La communication par l'administration fiscale de documents sur le fondement de l'article L. 143 alinéa 1 du livre des procédures fiscales ne présente, au cas présent, aucune utilité pour évaluer les demandes de [E] [N]. Il sera dès lors débouté de sa demande visant à voir ordonner à l'administration des impôts de communiquer les documents d'ordre fiscal dont il a réclamé la production.
3 - sur les demandes pour procédure abusive :
Il n'est pas établi que l'action de [H] [N] constitue un abus du droit faute de preuve d'une intention de nuire et d'un préjudice résultant de cette procédure indépendamment du préjudice moral, déjà indemnisé, et des frais exposés pour se défendre ci-après envisagés.

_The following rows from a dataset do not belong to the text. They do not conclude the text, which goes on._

(* Let $\ell>0$, $T>0$, $0<\alpha<1$, $0<\varepsilon<1$, $\gamma\in\mathbb R$, and $\Omega=\{(x,t):0\le x\le\ell,\ 0\le t\le T\}$. Let $u=u(x,t,\varepsilon)$ be the (regular) solution of $$\partial_{xx}(\varepsilon u_t+u)-\partial_t(u_t+\alpha u)=\sin u+\gamma\ \text{ in }\Omega,$$ $$u(x,0)=h_0(x),\quad u_t(x,0)=h_1(x)\ (x\in[0,\ell]),\qquad u_x(0,t)=\varphi_0(t),\quad u_x(\ell,t)=\varphi_1(t)\ (0\le t\le T),$$ and let $U=U(x,t)$ be a solution of $$U_{xx}-\partial_t(U_t+\alpha U)=\sin U+\gamma\ \text{ in }\Omega$$ with the same initial data $h_0,h_1$ and the same Neumann data $\varphi_0,\varphi_1$. Let $d=u-U$ and $S(t)=\sup_{0\le x\le\ell}|d(x,t)|$. Suppose there is a positive constant $b$ with $|U_{xxt}(x,t)|\le b$ on $\Omega$. Let $0<k<\alpha$ and $T_\varepsilon=\log(1/\varepsilon^k)$. Then there exists a positive constant $\Gamma$, independent of $\varepsilon$, such that for all $1\le t<T_\varepsilon$ $$0\le S(t)\le \Gamma\,\varepsilon^{1-k/\alpha}\log\Bigl(\frac{1}{\varepsilon^k}\Bigr).$$
   Context: The first problem is the Neumann initial-boundary value problem for the perturbed sine-Gordon equation $u_{xx}-u_{tt}=\sin u+\gamma+\alpha u_t-\varepsilon u_{xxt}$; the second is its reduced (hyperbolic) problem obtained at $\varepsilon=0$. *)

theory Defs
  imports "HOL-Analysis.Analysis"
begin

definition Rect :: "real \<Rightarrow> real \<Rightarrow> (real \<times> real) set" where
  "Rect l T = {0..l} \<times> {0..T}"

definition has_dx :: "real \<Rightarrow> real \<Rightarrow> (real \<Rightarrow> real \<Rightarrow> real) \<Rightarrow> (real \<Rightarrow> real \<Rightarrow> real) \<Rightarrow> bool" where
  "has_dx l T f g \<longleftrightarrow> (\<forall>x\<in>{0..l}. \<forall>t\<in>{0..T}.
      ((\<lambda>y. f y t) has_real_derivative g x t) (at x within {0..l}))"
lemma focal_conic_Z2_at_point:
  fixes a b p x y r :: real
  assumes "on_focal_conic a b p x y r" and "p \<noteq> 0" and "r \<noteq> 0"
  shows "(1 / r\<^sup>2) * (1 - 2 * (a / p) * x - 2 * (b / p) * y - (b / p)\<^sup>2 * x\<^sup>2
      + 2 * (a / p) * (b / p) * x * y - (a / p)\<^sup>2 * y\<^sup>2) = (1 - a\<^sup>2 - b\<^sup>2) / p\<^sup>2"
proof -
  have "p\<^sup>2 * (1 - 2 * (a / p) * x - 2 * (b / p) * y - (b / p)\<^sup>2 * x\<^sup>2
      + 2 * (a / p) * (b / p) * x * y - (a / p)\<^sup>2 * y\<^sup>2)
      = p\<^sup>2 - 2 * p * (a * x + b * y) - (b * x - a * y)\<^sup>2"
    using assms(2) by (simp add: field_simps power2_eq_square)
  also have "\<dots> = (1 - a\<^sup>2 - b\<^sup>2) * r\<^sup>2"
    using assms(1) unfolding on_focal_conic_def by algebra
  finally show ?thesis using assms(2,3) by (simp add: field_simps)
qed

lemma focal_conic_form_eq_0:
  fixes a b p x y r :: real
  assumes "on_focal_conic a b p x y r" and "p \<noteq> 0"
  defines "X \<equiv> a / p" and "Y \<equiv> b / p" and "Z2 \<equiv> (1 - a\<^sup>2 - b\<^sup>2) / p\<^sup>2"
  shows "conic_form ((-(Y\<^sup>2 + Z2), X * Y, -X), (X * Y, -(X\<^sup>2 + Z2), -Y), (-X, -Y, 1)) x y = 0"
proof -
  have "p\<^sup>2 * conic_form ((-(Y\<^sup>2 + Z2), X * Y, -X), (X * Y, -(X\<^sup>2 + Z2), -Y), (-X, -Y, 1)) x y
      = (p - a * x - b * y)\<^sup>2 - x\<^sup>2 - y\<^sup>2"
    using assms(2) unfolding conic_form_def X_def Y_def Z2_def by (simp add: field_simps power2_eq_square)
  also have "\<dots> = 0"
    using assms(1) unfolding on_focal_conic_def by algebra
  finally show ?thesis using assms(2) by simp
qed
(* Fix a point and real numbers $L_F\neq0$, $L_{FF}$, $L_{FG}$, $L_{GG}$ (values at that point of derivatives of a Lagrangian $L(F,G)$), and an antisymmetric tensor $F_{\mu\nu}$ with invariants $F=F^{\mu\nu}F_{\mu\nu}$, $G=F^{\mu\nu}\tilde F_{\mu\nu}$. Let $f_{\mu\nu}$ be antisymmetric and $k_\lambda$ a covector satisfying (C) $f_{\mu\nu}k_\lambda+f_{\nu\lambda}k_\mu+f_{\lambda\mu}k_\nu=0$, and (E) $L_F f^{\mu\nu}k_\nu+A\,F^{\mu\nu}k_\nu+B\,\tilde F^{\mu\nu}k_\nu=0$, where $\xi=F^{\alpha\beta}f_{\alpha\beta}$, $\zeta=\tilde F^{\alpha\beta}f_{\alpha\beta}$, $A=2(\xi L_{FF}+\zeta L_{FG})$, $B=2(\xi L_{FG}+\zeta L_{GG})$. Suppose $\xi\neq0$ and set $\Omega=\zeta/\xi$. Then: (a) $g_\Omega^{\mu\nu}k_\mu k_\nu=0$, where $$g_\Omega^{\mu\nu}=L_F\eta^{\mu\nu}-4\Big[(L_{FF}+\Omega L_{FG})F^{\mu}{}_{\lambda}F^{\lambda\nu}+(L_{FG}+\Omega L_{GG})F^{\mu}{}_{\lambda}\tilde F^{\lambda\nu}\Big];$$ (b) if moreover $\eta^{\mu\nu}k_\mu k_\nu\neq0$, then $\Omega^2\Omega_1+\Omega\,\Omega_2+\Omega_3=0$, where $\Omega_1=-L_FL_{FG}+2FL_{FG}L_{GG}+G(L_{GG}^2-L_{FG}^2)$, $\Omega_2=(L_F+2GL_{FG})(L_{GG}-L_{FF})+2F(L_{FF}L_{GG}+L_{FG}^2)$, $\Omega_3=L_FL_{FG}+2FL_{FF}L_{FG}+G(L_{FG}^2-L_{FF}^2)$.
   Context: Minkowski metric $\eta_{\mu\nu}=\mathrm{diag}(1,-1,-1,-1)$, indices raised/lowered with $\eta$, summation convention. The dual is $\tilde F_{\alpha\beta}=\tfrac12\eta_{\alpha\beta}{}^{\mu\nu}F_{\mu\nu}$ with $\eta_{\alpha\beta\mu\nu}$ the totally antisymmetric Levi-Civita tensor; with these conventions $\tilde F_{\mu\nu}F^{\nu\lambda}=-\tfrac14G\,\delta_\mu^\lambda$ and $\tilde F_{\mu\lambda}\tilde F^{\lambda\nu}-F_{\mu\lambda}F^{\lambda\nu}=\tfrac12F\,\delta_\mu^\nu$. Conditions (C),(E) are the jump conditions for the field equations $\partial_\nu(L_FF^{\mu\nu}+L_G\tilde F^{\mu\nu})=0$ across a wavefront where $\partial_\lambda F_{\mu\nu}$ jumps by $f_{\mu\nu}k_\lambda$. *)

theory Defs
  imports Complex_Main
begin

text \<open>Indices range over {0,1,2,3}
 (natural numbers below 4). A rank-2 tensor is a function nat => nat => real,
 a covector is nat => real; all tensors given as arguments carry LOWER indices.\<close>

definition eta :: "nat \<Rightarrow> nat \<Rightarrow> real" where
  "eta \<mu> \<nu> = (if \<mu> = \<nu> then (if \<mu> = 0 then 1 else -1) else 0)"

text \<open>Totally antisymmetric Levi-Civita tensor with lower indices, eps 0 1 2 3 = 1.\<close>
definition eps :: "nat \<Rightarrow> nat \<Rightarrow> nat \<Rightarrow> nat \<Rightarrow> real" where
  "eps a b c d = (if a < 4 \<and> b < 4 \<and> c < 4 \<and> d < 4 then
     of_int (sgn ((int b - int a) * (int c - int a) * (int d - int a)
                  * (int c - int b) * (int d - int b) * (int d - int c))) else 0)"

[E] [N] sera dès lors débouté de sa demande sur ce fondement.
- Sur les demandes accessoires :
Compte tenu de la solution du litige, le jugement sera confirmé sur les dépens et l'application de l'article 700 du code de procédure civile.
A hauteur d'appel, [H] [N] qui succombe largement dans ses prétentions supportera la charge des dépens.
Au regard des circonstances de la cause et de la position respective des parties, il convient de le condamner au paiement d'une somme de 3.000,00 euros au titre des frais non compris dans les dépens d'appel.
PAR CES MOTIFS :
La Cour, après en avoir délibéré, statuant publiquement, par mise à disposition au greffe, par arrêt contradictoire et en dernier ressort,
Confirme le jugement rendu le 12 avril 2022 sauf en ce qu'il a condamné [H] [N] à payer à [E] [N] la somme de 20.000 euros à titre de dommages-intérêts,,
Statuant à nouveau et y ajoutant
Condamne [H] [N] à payer à [E] [N] la somme de 5.000 euros à titre de dommages-intérêts au titre de son préjudice moral,
Condamne [H] [N] aux dépens d'appel
Condamne [H] [N] à payer à [E] [N] une somme de 3.000,00 euros en application de l'article 700 du code de procédure civile.
Déboute les parties du surplus de leurs demandes.
Le présent arrêt a été signé par Madame Jeanne PELLEFIGUES, Présidente, et par Madame Nathalène DENIS, greffière suivant les dispositions de l'article 456 du Code de Procédure Civile.